Reviewer #1: The manuscript provides a Nextflow-based pipeline that bioinformaticians can use in their analysis of genetic variants. The pipeline runs as described but the setting up requires some clarification.

Step 3 in line 154 of manuscript, the command used only works in the docker directory and the change of directory needs to be specified in the step.

Files in the GitHub repository are named differently (default.config to standard.config) and a better guide on how to set up the config files would greatly extend the user-friendliness of this pipeline. It would also be beneficial to add supplementary files the repository explaining what each file is or a README file. Users who have not run Nextflow before would appreciate these comments.

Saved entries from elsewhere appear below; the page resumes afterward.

(* Let $M_t$ be the true model and $M_j$ any model in the class. (i) If $\dim(M_j)<\dim(M_t)$ then $\delta^*(M_t,M_j)>0$. (ii) If $\dim(M_j)=\dim(M_t)$ then $\delta^*(M_t,M_j)=0$ if $M_j=M_t$ and $\delta^*(M_t,M_j)>0$ if $M_j\neq M_t$. (iii) If $\dim(M_j)>\dim(M_t)$ then $\delta^*(M_t,M_j)=0$ if $M_t$ is nested in $M_j$ and $\delta^*(M_t,M_j)>0$ otherwise.
   Context: Normal linear regression with $k$ potential regressors and $n$ observations; a model $M_j$ contains the intercept and a subset of $j$ regressors, and $\dim(M_j)=j$; $M_t$ is nested in $M_j$ if the regressors of $M_t$ are among those of $M_j$. The true model $M_t$ has sampling distribution $N_n(\mathbf{y}\mid\mathbf{X}_{t+1}\boldsymbol\beta_{t+1},\sigma_t^2\mathbf{I}_n)$ with slope vector $\boldsymbol\beta_t$, all of whose regression coefficients are nonzero. Let $\Sigma^{(n)}_{t+j}=\begin{pmatrix}S^{(n)}_{tt}&S^{(n)}_{tj}\\S^{(n)}_{jt}&S^{(n)}_{jj}\end{pmatrix}$ be the (sample) covariance matrix of the joint set of covariates of $M_t$ and $M_j$, with $S^{(n)}_{tt},S^{(n)}_{jj}$ positive definite, let $S^{(n)}_{t\cdot j}=S^{(n)}_{tt}-S^{(n)}_{tj}(S^{(n)}_{jj})^{-1}S^{(n)}_{jt}$ and $S_{t\cdot j}=\lim_n S^{(n)}_{t\cdot j}$; the limiting covariance matrix of covariates is assumed to exist, and for distinct covariates to be positive definite. The pseudo-distance is $\delta_n(M_t,M_j)=\frac{1}{2\sigma_t^2}\boldsymbol\beta_t'S^{(n)}_{t\cdot j}\boldsymbol\beta_t$ (equivalently $\frac{1}{2\sigma_t^2}\boldsymbol\beta_t'\frac{\mathbf{X}_t'(\mathbf{I}-\mathbf{H}_j)\mathbf{X}_t}{n}\boldsymbol\beta_t$, $\mathbf{H}_j$ the hat matrix of $M_j$), and $\delta^*(M_t,M_j)=\lim_{n\to\infty}\delta_n(M_t,M_j)$. *)

theory Defs
  imports "Jordan_Normal_Form.DL_Submatrix" "Jordan_Normal_Form.Gauss_Jordan_Elimination"
begin

(* Regressors are indexed 0..<k; a model is the set of indices of its regressors
   (the intercept is implicit).  Covariance matrices of all k covariates are k x k
   matrices; the blocks for a model are extracted with submatrix (increasing index order). *)

definition pos_def_mat :: "real mat \<Rightarrow> nat \<Rightarrow> bool" where
  "pos_def_mat A n \<longleftrightarrow> A \<in> carrier_mat n n \<and> transpose_mat A = A \<and>
     (\<forall>v \<in> carrier_vec n. v \<noteq> 0\<^sub>v n \<longrightarrow> v \<bullet> (A *\<^sub>v v) > 0)"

The analysis is limited since it does not compare the effectiveness of Kuura to other pipelines based on variants called, time taken for analysis, processing power, etc. Evidence of this comparison would further convince and guide the implementation of this pipeline to existing workflows.

Reviewer #2: This work decribed a whole genome/exome sequencing workflow (Kuura) that consumes fastq files and produces annotated short genetic variants with multiple standard QC reports. It is written in Nextflow, with Docker enabled. The authors are aware of other pipelines such as SeqMule, DNAp, SpeedSeq and GESALL, but it seems their codebases are no longer maintained (most recent change to them was two years ago to SeqMule). Another Nextflow DnaSeq pipeline is Sarek that is still actively maintained and has a relatively large userbase, however its codebase is heavy and its structure is complex.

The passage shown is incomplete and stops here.